# Functions for Manipulating Data in PostgreSQL
Here you can access the tables used in the course. To access the table, you will need to specify the `dvdrentals` schema in your queries (e.g., `dvdrentals.film` for the `film` table and `dvdrentals.country` for the `country` table).

--- 
_Note: When using sample integrations such as those that contain course data, you have read-only access. You can run queries, but cannot make any changes such as adding, deleting, or modifying the data (e.g., creating tables, views, etc.)._

## Take Notes

Add notes about the concepts you've learned and SQL cells with queries you want to keep.

_Add your notes here_

In [None]:
-- Add your own queries here
SELECT *
FROM dvdrentals.film
LIMIT 10

## Explore Datasets
Use the different tables to explore the data and practice your skills!
- Select the `title`, `release_year`, and `rating` of films in the `film` table.
    - Add a `description_shortened` column which contains the first 50 characters of the `description` column, ending with "...".
    - Filter the `film` table for rows where the `special_features` column contains "Commentaries".
- Select the `customer_id`, `amount`, and `payment_date` from the `payment` table.
    - Extract date information from the `payment_date` column, creating new columns for the `day`, `month`, `quarter`, and `year` of transaction.
    - Use the `rental` table to include a column containing the number of days rented (i.e., time between the `rental_date` and the `return_date`).
- Update the title column so that titles with multiple words are reduced to the first word and the first letter of the second word followed by a period. 
    - For example:
        - "BEACH HEARTBREAKERS" becomes "BEACH H."
        - "BEAST HUNCHBACK" becomes "BEAST H."
    - Reformat your shortened title to title case (e.g., "BEACH H." becomes "Beach H.").

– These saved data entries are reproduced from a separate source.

section \<open>The GP model\<close>

lemma lipschitz_on_of_affine_evaluations:
  fixes m :: "'a::metric_space \<Rightarrow> real^('m::finite option)"
  assumes "\<And>u. \<exists>L. L-lipschitz_on K (\<lambda>y. m y \<bullet> aug u)"
  shows "\<exists>L. L-lipschitz_on K m"
proof (rule ex_lipschitz_on_vec_lambda)
  fix i :: "'m option"
  have m_None: "m y $ None = m y \<bullet> aug 0" and m_Some: "m y $ Some j = m y \<bullet> aug (axis j 1) - m y \<bullet> aug 0"
    for y j by (simp_all add: inner_aug inner_axis)
  show "\<exists>L. L-lipschitz_on K (\<lambda>y. m y $ i)"
  proof (cases i)
    case None thus ?thesis using assms[of 0] by (simp add: m_None)
  next
    case (Some j)
    obtain L0 L1 where "L0-lipschitz_on K (\<lambda>y. m y \<bullet> aug 0)" "L1-lipschitz_on K (\<lambda>y. m y \<bullet> aug (axis j 1))"
      using assms by metis
    hence "(L1 + L0)-lipschitz_on K (\<lambda>y. m y \<bullet> aug (axis j 1) - m y \<bullet> aug 0)"
      by (intro lipschitz_on_diff)
    thus ?thesis unfolding Some m_Some by blast
  qed
qed

lemma quad_form_aug_polarization:
  fixes S :: "real^('m::finite option)^('m option)"
  defines "Q \<equiv> \<lambda>u. quad_form S (aug u)"
  shows "quad_form S v
    = ((v $ None)\<^sup>2 - 1) * Q 0 + (1 + v $ None) / 2 * Q (unaug v) + (1 - v $ None) / 2 * Q (- unaug v)"
proof -
  define e :: "real^('m option)" and f where "e = axis None 1" and "f = aug0 (unaug v)"
  have v: "v = v $ None *\<^sub>R e + f"
    by (simp add: vec_eq_iff e_def f_def axis_def aug0_def split: option.splits)
  define X where "X = e \<bullet> (S *v f) + f \<bullet> (S *v e)"
  have aug_v: "aug (unaug v) = e + f" "aug (- unaug v) = e + - f" "aug 0 = e"
    by (simp_all add: aug_eq_axis_add_aug0 aug0_minus e_def f_def)
  have "S *v (- f) = - (S *v f)" using matrix_vector_mult_scaleR[of S "-1" f] by simp
  hence "quad_form S (e + - f) = quad_form S e - X + quad_form S f"
    by (simp only: quad_form_add quad_form_minus X_def inner_minus_left inner_minus_right)
  hence Q: "Q 0 = quad_form S e" "Q (unaug v) = quad_form S e + X + quad_form S f"
    "Q (- unaug v) = quad_form S e - X + quad_form S f"
    unfolding Q_def aug_v by (simp_all add: quad_form_add X_def)
  have "quad_form S v = (v $ None)\<^sup>2 * quad_form S e + v $ None * X + quad_form S f"
    by (subst v) (simp add: quad_form_add quad_form_scaleR X_def matrix_vector_mult_scaleR algebra_simps)
  thus ?thesis unfolding Q by (simp add: field_simps)
qed

lemma lipschitz_on_of_quad_forms_aug:
  fixes S :: "'a::metric_space \<Rightarrow> real^('m::finite option)^('m option)"
  assumes sym: "\<And>y. y \<in> K \<Longrightarrow> transpose (S y) = S y"
    and quad: "\<And>u. \<exists>L. L-lipschitz_on K (\<lambda>y. quad_form (S y) (aug u))"
  shows "\<exists>L. L-lipschitz_on K S"
proof -
  have all_quad: "\<exists>L. L-lipschitz_on K (\<lambda>y. quad_form (S y) v)" for v
  proof -
    obtain L0 L1 L2 where L: "L0-lipschitz_on K (\<lambda>y. quad_form (S y) (aug 0))"
      "L1-lipschitz_on K (\<lambda>y. quad_form (S y) (aug (unaug v)))"
      "L2-lipschitz_on K (\<lambda>y. quad_form (S y) (aug (- unaug v)))"
      using quad by metis
    hence "\<exists>L. L-lipschitz_on K (\<lambda>y. ((v $ None)\<^sup>2 - 1) * quad_form (S y) (aug 0)
        + (1 + v $ None) / 2 * quad_form (S y) (aug (unaug v))
        + (1 - v $ None) / 2 * quad_form (S y) (aug (- unaug v)))"
      using lipschitz_on_add[OF lipschitz_on_add[OF lipschitz_on_cmult_real[OF L(1)]
          lipschitz_on_cmult_real[OF L(2)]] lipschitz_on_cmult_real[OF L(3)]] by blast
    thus ?thesis unfolding quad_form_aug_polarization[of "S _" v] .
  qed
  show ?thesis
  proof (intro ex_lipschitz_on_vec_lambda)
    fix i j
    obtain L1 L2 where "L1-lipschitz_on K (\<lambda>y. quad_form (S y) (axis i 1 + axis j 1))"
      "L2-lipschitz_on K (\<lambda>y. quad_form (S y) (axis i 1 - axis j 1))"
      using all_quad by metis
    hence "(\<bar>1 / 4\<bar> * (L1 + L2))-lipschitz_on K (\<lambda>y. 1 / 4 * (quad_form (S y) (axis i 1 + axis j 1)
        - quad_form (S y) (axis i 1 - axis j 1)))"
      by (intro lipschitz_on_cmult_real lipschitz_on_diff)
    moreover have "S y $ i $ j = 1 / 4 * (quad_form (S y) (axis i 1 + axis j 1)
        - quad_form (S y) (axis i 1 - axis j 1))" if "y \<in> K" for y
      using matrix_entry_polarization[OF sym[OF that]] by simp
    ultimately show "\<exists>L. L-lipschitz_on K (\<lambda>y. S y $ i $ j)"
      by (metis (no_types, lifting) lipschitz_on_transform)
  qed
qed

lemma sum_mult_over_fibers:
  fixes x :: "'j \<Rightarrow> 'p" and c :: "'j \<Rightarrow> real"
  assumes "finite J"
  shows "(\<Sum>p\<in>x ` J. (\<Sum>j\<in>{j\<in>J. x j = p}. c j) * h p) = (\<Sum>j\<in>J. c j * h (x j))"
proof -
  have "(\<Sum>j\<in>J. c j * h (x j)) = (\<Sum>p\<in>x ` J. \<Sum>j\<in>{j\<in>J. x j = p}. c j * h (x j))"
    using assms by (rule sum.image_gen)
  also have "\<dots> = (\<Sum>p\<in>x ` J. (\<Sum>j\<in>{j\<in>J. x j = p}. c j) * h p)"
    by (simp add: sum_distrib_right)
  finally show ?thesis by simp
qed

text \<open>\<^const>\<open>psd_kernel\<close> speaks about finite sets of points, so repeated data points are merged
  by summing their coefficients.\<close>

lemma psd_kernel_double_sum_nonneg:
  assumes k: "psd_kernel k" and J: "finite J"
  shows "(\<Sum>j\<in>J. \<Sum>l\<in>J. c j * c l * k (x j) (x l)) \<ge> 0"
proof -
  define C where "C p = (\<Sum>j\<in>{j\<in>J. x j = p}. c j)" for p
  have "0 \<le> (\<Sum>p\<in>x ` J. \<Sum>q\<in>x ` J. C p * C q * k p q)"
    using k J unfolding psd_kernel_def by blast
  also have "\<dots> = (\<Sum>p\<in>x ` J. C p * (\<Sum>q\<in>x ` J. C q * k p q))"
    by (simp add: sum_distrib_left mult_ac)
  also have "\<dots> = (\<Sum>j\<in>J. c j * (\<Sum>l\<in>J. c l * k (x j) (x l)))"
    unfolding C_def sum_mult_over_fibers[OF J] ..
  also have "\<dots> = (\<Sum>j\<in>J. \<Sum>l\<in>J. c j * c l * k (x j) (x l))"
    by (simp add: sum_distrib_left mult_ac)
  finally show ?thesis .
qed

lemma gram_c_symmetric:
  assumes "\<forall>i. psd_kernel (k i)"
  shows "transpose (gram_c k xs us) = gram_c k xs us"
  using assms unfolding psd_kernel_def gram_c_def transpose_def by (simp add: vec_eq_iff mult_ac)

lemma gram_c_psd:
  assumes ker: "\<forall>i. psd_kernel (k i)"
  shows "quad_form (gram_c k xs us) v \<ge> 0"
proof -
  have "quad_form (gram_c k xs us) v = (\<Sum>j\<in>UNIV. \<Sum>l\<in>UNIV. \<Sum>i\<in>UNIV.
      (v $ j * aug (us j) $ i) * (v $ l * aug (us l) $ i) * k i (xs j) (xs l))"
    unfolding quad_form_def inner_vec_def matrix_vector_mult_def gram_c_def
    by (simp add: sum_distrib_left sum_distrib_right mult_ac)
  also have "\<dots> = (\<Sum>j\<in>UNIV. \<Sum>i\<in>UNIV. \<Sum>l\<in>UNIV.
      (v $ j * aug (us j) $ i) * (v $ l * aug (us l) $ i) * k i (xs j) (xs l))"
    by (intro sum.cong refl sum.swap)
  also have "\<dots> = (\<Sum>i\<in>UNIV. \<Sum>j\<in>UNIV. \<Sum>l\<in>UNIV.
      (v $ j * aug (us j) $ i) * (v $ l * aug (us l) $ i) * k i (xs j) (xs l))"
    by (rule sum.swap)
  also have "\<dots> \<ge> 0"
    using ker by (intro sum_nonneg psd_kernel_double_sum_nonneg) auto
  finally show ?thesis .
qed

lemma invertible_if_pd:
  fixes A :: "real^'n^'n"
  assumes pd: "\<And>v. v \<noteq> 0 \<Longrightarrow> quad_form A v > 0"
  shows "invertible A"
proof -
  have "inj ((*v) A)"
  proof (rule injI)
    fix a b assume "A *v a = A *v b"
    hence "quad_form A (a - b) = 0" by (simp add: quad_form_def matrix_vector_mult_diff_distrib)
    thus "a = b" using pd[of "a - b"] by auto
  qed
  thus ?thesis using invertible_left_inverse matrix_left_invertible_injective by blast
qed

### String operations: LEFT, RIGHT, SUBSTRING, ...

In [None]:
SUBSTRINGZ( full_string , start_char , [ length_char ] ) 

Error: SUBSTRINGZ( full_string , start_char , [ length_char ] )  - syntax error at or near "SUBSTRINGZ"

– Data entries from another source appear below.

lemma dim_residual_image:
  assumes "vec.subspace D" "c \<in> D" "D \<subseteq> C"
  shows "vec.dim (residual ` D) + 1 = vec.dim D"
  using assms nonzero residual_eq_0_imp_multiple
  by (intro dim_image_line_kernel linear_puncture) auto

lemma card_code_support_residual:
  "card (code_support (residual ` C)) + hamming_weight c = card (code_support C)"
proof -
  have "vec_support c \<subseteq> code_support C"
    using mem by (auto simp: vec_support_def code_support_def)
  then show ?thesis
    by (simp add: code_support_puncture_image card_Diff_subset hamming_weight_def card_mono)
qed

lemma lift_residual_subcode:
  assumes D1: "vec.subspace D1" "D1 \<subseteq> residual ` C"
  obtains D where "vec.subspace D" "D \<subseteq> C" "vec.dim D = vec.dim D1 + 1"
    "card (code_support D) \<le> hamming_weight c + card (code_support D1)"
proof
  define D where "D = C \<inter> residual -` D1"
  show "vec.subspace D"
    unfolding D_def using subspace D1(1)
    by (intro vec.subspace_inter vec.linear_subspace_vimage[OF linear_puncture])
  show "D \<subseteq> C"
    by (auto simp: D_def)
  have "residual ` D = D1"
    using D1(2) by (auto simp: D_def)
  moreover have "c \<in> D"
    using mem vec.subspace_0[OF D1(1)] by (simp add: D_def)
  ultimately show "vec.dim D = vec.dim D1 + 1"
    using dim_residual_image \<open>vec.subspace D\<close> \<open>D \<subseteq> C\<close> by metis
  have "code_support D \<subseteq> vec_support c \<union> code_support D1"
  proof
    fix i assume "i \<in> code_support D"
    then obtain x where "x \<in> D" "x $ i \<noteq> 0"
      by (auto simp: code_support_def)
    show "i \<in> vec_support c \<union> code_support D1"
    proof (cases "i \<in> vec_support c")
      case False
      then have "residual x $ i \<noteq> 0"
        using \<open>x $ i \<noteq> 0\<close> by (simp add: puncture_def)
      with \<open>x \<in> D\<close> show ?thesis
        unfolding code_support_def D_def by blast
    qed simp
  qed
  then show "card (code_support D) \<le> hamming_weight c + card (code_support D1)"
    unfolding hamming_weight_def by (meson card_Un_le card_mono finite le_trans)
qed

end

lemma ex_min_weight_word:
  fixes C :: "('a::{field,finite} ^ 'n) set"
  assumes "vec.subspace C" "vec.dim C \<noteq> 0"
  obtains c where "min_weight_word C c"
proof -
  have "\<not> C \<subseteq> {0}"
    using assms(2) by simp
  then obtain x where "x \<in> C" "x \<noteq> 0"
    by auto
  then obtain c where "c \<in> C \<and> c \<noteq> 0" "\<And>y. y \<in> C \<and> y \<noteq> 0 \<Longrightarrow> hamming_weight c \<le> hamming_weight y"
    using ex_has_least_nat[of "\<lambda>x. x \<in> C \<and> x \<noteq> 0" x hamming_weight] by blast
  with assms(1) show ?thesis
    by (intro that[of c]) (simp add: min_weight_word_def)
qed

lemma griesmer_bound:
  fixes C :: "('a::{field,finite} ^ 'n) set"
  assumes "vec.subspace C" "vec.dim C = k" "\<And>x. x \<in> C \<Longrightarrow> x \<noteq> 0 \<Longrightarrow> d \<le> hamming_weight x"
  shows "griesmer CARD('a) k d \<le> card (code_support C)"
  using assms
proof (induction k arbitrary: C d)
  case 0
  then show ?case
    by (simp add: griesmer_def)
next
  case (Suc k)
  obtain c where "min_weight_word C c"
    using ex_min_weight_word[OF Suc.prems(1)] Suc.prems(2) by auto
  then interpret min_weight_word C c .
  have "d \<le> hamming_weight c"
    using Suc.prems(3) mem nonzero by blast
  then have "\<And>y. y \<in> residual ` C \<Longrightarrow> y \<noteq> 0 \<Longrightarrow> ceil_div d CARD('a) \<le> hamming_weight y"
    using residual_weight ceil_div_mono order_trans by blast
  moreover have "vec.dim (residual ` C) = k"
    using dim_residual_image[OF subspace mem] Suc.prems(2) by simp
  ultimately have "griesmer CARD('a) k (ceil_div d CARD('a)) \<le> card (code_support (residual ` C))"
    using vec.linear_subspace_image[OF linear_puncture subspace] by (intro Suc.IH)
  with \<open>d \<le> hamming_weight c\<close> show ?case
    using card_code_support_residual by (simp add: griesmer_Suc)
qed

lemma griesmer_code_subcode:
  fixes C :: "('a::{field,finite} ^ 'n) set"
  assumes "vec.subspace C" "vec.dim C = k" "\<And>x. x \<in> C \<Longrightarrow> x \<noteq> 0 \<Longrightarrow> d \<le> hamming_weight x"
    and "card (code_support C) \<le> griesmer CARD('a) k d" and "r \<le> k"
  shows "\<exists>D. vec.subspace D \<and> D \<subseteq> C \<and> vec.dim D = r \<and> card (code_support D) \<le> griesmer CARD('a) r d"
  using assms
proof (induction r arbitrary: k C d)
  case 0
  have "{0} \<subseteq> C"
    using "0.prems"(1) vec.subspace_0 by blast
  then show ?case
    by (intro exI[of _ "{0}"]) (simp add: code_support_def griesmer_def)
next
  case (Suc r)
  obtain k' where k: "k = Suc k'"
    using Suc.prems(5) Suc_le_D by blast
  then obtain c where "min_weight_word C c"
    using ex_min_weight_word[OF Suc.prems(1)] Suc.prems(2) by auto
  then interpret min_weight_word C c .
  (* a minimum-weight word heavier than d would push the Griesmer bound beyond the length *)
  have "griesmer CARD('a) k (hamming_weight c) \<le> griesmer CARD('a) k d"
    using griesmer_bound[OF subspace Suc.prems(2) minimal] Suc.prems(4) by simp
  then have weight_c: "hamming_weight c = d"
    using Suc.prems(3)[OF mem nonzero] griesmer_strict_mono[of "CARD('a)" k d "hamming_weight c"] k
    by fastforce
  then have res_weight: "\<And>y. y \<in> residual ` C \<Longrightarrow> y \<noteq> 0 \<Longrightarrow> ceil_div d CARD('a) \<le> hamming_weight y"
    using residual_weight by blast
  have res_dim: "vec.dim (residual ` C) = k'"
    using dim_residual_image[OF subspace mem] Suc.prems(2) k by simp
  have res_card: "card (code_support (residual ` C)) \<le> griesmer CARD('a) k' (ceil_div d CARD('a))"
    using card_code_support_residual Suc.prems(4) weight_c k by (simp add: griesmer_Suc)
  obtain D1 where D1: "vec.subspace D1" "D1 \<subseteq> residual ` C" "vec.dim D1 = r"
      "card (code_support D1) \<le> griesmer CARD('a) r (ceil_div d CARD('a))"
    using Suc.IH[OF vec.linear_subspace_image[OF linear_puncture subspace] res_dim res_weight res_card]
      Suc.prems(5) k by auto
  then obtain D where "vec.subspace D" "D \<subseteq> C" "vec.dim D = Suc r"
      "card (code_support D) \<le> d + card (code_support D1)"
    using lift_residual_subcode weight_c by (metis Suc_eq_plus1)
  with D1(4) show ?case
    by (intro exI[of _ D]) (simp add: griesmer_Suc)
qed

lemma card_code_support_le: "card (code_support (C :: ('a::zero ^ 'n) set)) \<le> CARD('n)"
  by (simp add: card_mono)

lemma min_dist_le_hamming_weight:
  fixes C :: "('a::zero ^ 'n) set"
  assumes "0 \<in> C" "x \<in> C" "x \<noteq> 0"
  shows "min_dist C \<le> hamming_weight x"
proof -
  have "{hamming_dist x y | x y. x \<in> C \<and> y \<in> C \<and> x \<noteq> y} \<subseteq> {..CARD('n)}"
    by (auto simp: hamming_dist_def card_mono)
  moreover have "hamming_weight x \<in> {hamming_dist x y | x y. x \<in> C \<and> y \<in> C \<and> x \<noteq> y}"
    using assms hamming_dist_0[of x, symmetric] by blast
  ultimately show ?thesis
    unfolding min_dist_def by (auto intro: Min_le finite_subset)
qed

lemma gen_weight_eq_griesmer:
  fixes C :: "('a::{field,finite} ^ 'n) set"
  assumes C: "vec.subspace C" "vec.dim C = k" and weights: "\<And>x. x \<in> C \<Longrightarrow> x \<noteq> 0 \<Longrightarrow> d \<le> hamming_weight x"
    and "card (code_support C) \<le> griesmer CARD('a) k d" and "r \<le> k"
  shows "gen_weight C r = griesmer CARD('a) r d"
proof -
  let ?W = "{card (code_support D) | D. vec.subspace D \<and> D \<subseteq> C \<and> vec.dim D = r}"
  have "finite ?W"
    by (rule finite_subset[of _ "{..CARD('n)}"]) (auto simp: card_code_support_le)
  have lower: "griesmer CARD('a) r d \<le> card (code_support D)"
    if "vec.subspace D" "D \<subseteq> C" "vec.dim D = r" for D
    using that weights by (intro griesmer_bound) auto
  obtain D where "vec.subspace D" "D \<subseteq> C" "vec.dim D = r" "card (code_support D) \<le> griesmer CARD('a) r d"
    using griesmer_code_subcode[OF assms] by blast
  with lower have "griesmer CARD('a) r d \<in> ?W"
    by (metis (mono_tags, lifting) le_antisym mem_Collect_eq)
  with \<open>finite ?W\<close> lower show ?thesis
    unfolding gen_weight_def by (intro Min_eqI) auto
qed

lemma card_field_ge_2: "CARD('a::{field,finite}) \<ge> 2"
  using card_mono[of UNIV "{0::'a, 1}"] by simp

theorem mainTheorem2:
  fixes C :: "('a::{field,finite} ^ 'n) set"
    and k d :: nat and \<sigma> :: int and \<epsilon> :: "nat \<Rightarrow> int"
  assumes "k \<ge> 1" and "d \<ge> 1"
    and "\<And>i. i < k - 1 \<Longrightarrow> 0 \<le> \<epsilon> i \<and> \<epsilon> i \<le> int CARD('a) - 1"
    and "int d = \<sigma> * int CARD('a) ^ (k - 1) - (\<Sum>i\<in>{0..<k-1}. \<epsilon> i * int CARD('a) ^ i)"
    and "is_linear_code C k d"
    and "CARD('n) = griesmer CARD('a) k d"
  shows "\<forall>r\<in>{1..k}.
     int (gen_weight C r) =
       int (vnum CARD('a) r) * (\<sigma> * int CARD('a) ^ (k - r)
          - (\<Sum>i\<in>{r..k-1}. \<epsilon> (i - 1) * int CARD('a) ^ (i - r)))
       - (\<Sum>i\<in>{1..r-1}. \<epsilon> (i - 1) * int (vnum CARD('a) i))
     \<and> CARD('n) = griesmer_r CARD('a) r k (gen_weight C r)"
proof (intro ballI)
  fix r assume r: "r \<in> {1..k}"
  interpret q_adic_expansion "CARD('a)" k d \<sigma> \<epsilon>
    using card_field_ge_2 assms(3,4) by unfold_locales
  have C: "vec.subspace C" "vec.dim C = k" "min_dist C = d"
    using assms(5) by (auto simp: is_linear_code_def)
  then have "\<And>x. x \<in> C \<Longrightarrow> x \<noteq> 0 \<Longrightarrow> d \<le> hamming_weight x"
    using min_dist_le_hamming_weight vec.subspace_0 by metis
  then have "gen_weight C r = griesmer CARD('a) r d"
    using gen_weight_eq_griesmer[OF C(1,2)] card_code_support_le[of C] assms(6) r by simp
  then show "int (gen_weight C r) =
       int (vnum CARD('a) r) * (\<sigma> * int CARD('a) ^ (k - r)
          - (\<Sum>i\<in>{r..k-1}. \<epsilon> (i - 1) * int CARD('a) ^ (i - r)))
       - (\<Sum>i\<in>{1..r-1}. \<epsilon> (i - 1) * int (vnum CARD('a) i))
     \<and> CARD('n) = griesmer_r CARD('a) r k (gen_weight C r)"
    using griesmer_closed_form griesmer_r_griesmer[OF q] assms(6) r by simp
qed

end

### String operations: Concatenate, Case, Replace ...


### Case: `UPPER`, `LOWER`, `INITCAP`...

In [4]:
SELECT 
  -- Concatenate the category name to coverted to uppercase to the film title converted to title case
  UPPER(c.category)  || ': ' || INITCAP(f.title) AS film_category, 
  -- Convert the description column to lowercase, practice replacement too
  REPLACE(LOWER(f.description), ' ', '_') AS description
FROM 
  dvdrentals.film AS f 
  INNER JOIN dvdrentals.category AS fc 
  	ON f.film_id = fc.film_id 
  INNER JOIN dvdrentals.category AS c 
  	ON fc.category = c.category
LIMIT 5;

Unnamed: 0,film_category,description
0,DOCUMENTARY: Academy Dinosaur,a_epic_drama_of_a_feminist_and_a_mad_scientist...
1,DOCUMENTARY: Academy Dinosaur,a_epic_drama_of_a_feminist_and_a_mad_scientist...
2,DOCUMENTARY: Academy Dinosaur,a_epic_drama_of_a_feminist_and_a_mad_scientist...
3,DOCUMENTARY: Academy Dinosaur,a_epic_drama_of_a_feminist_and_a_mad_scientist...
4,DOCUMENTARY: Academy Dinosaur,a_epic_drama_of_a_feminist_and_a_mad_scientist...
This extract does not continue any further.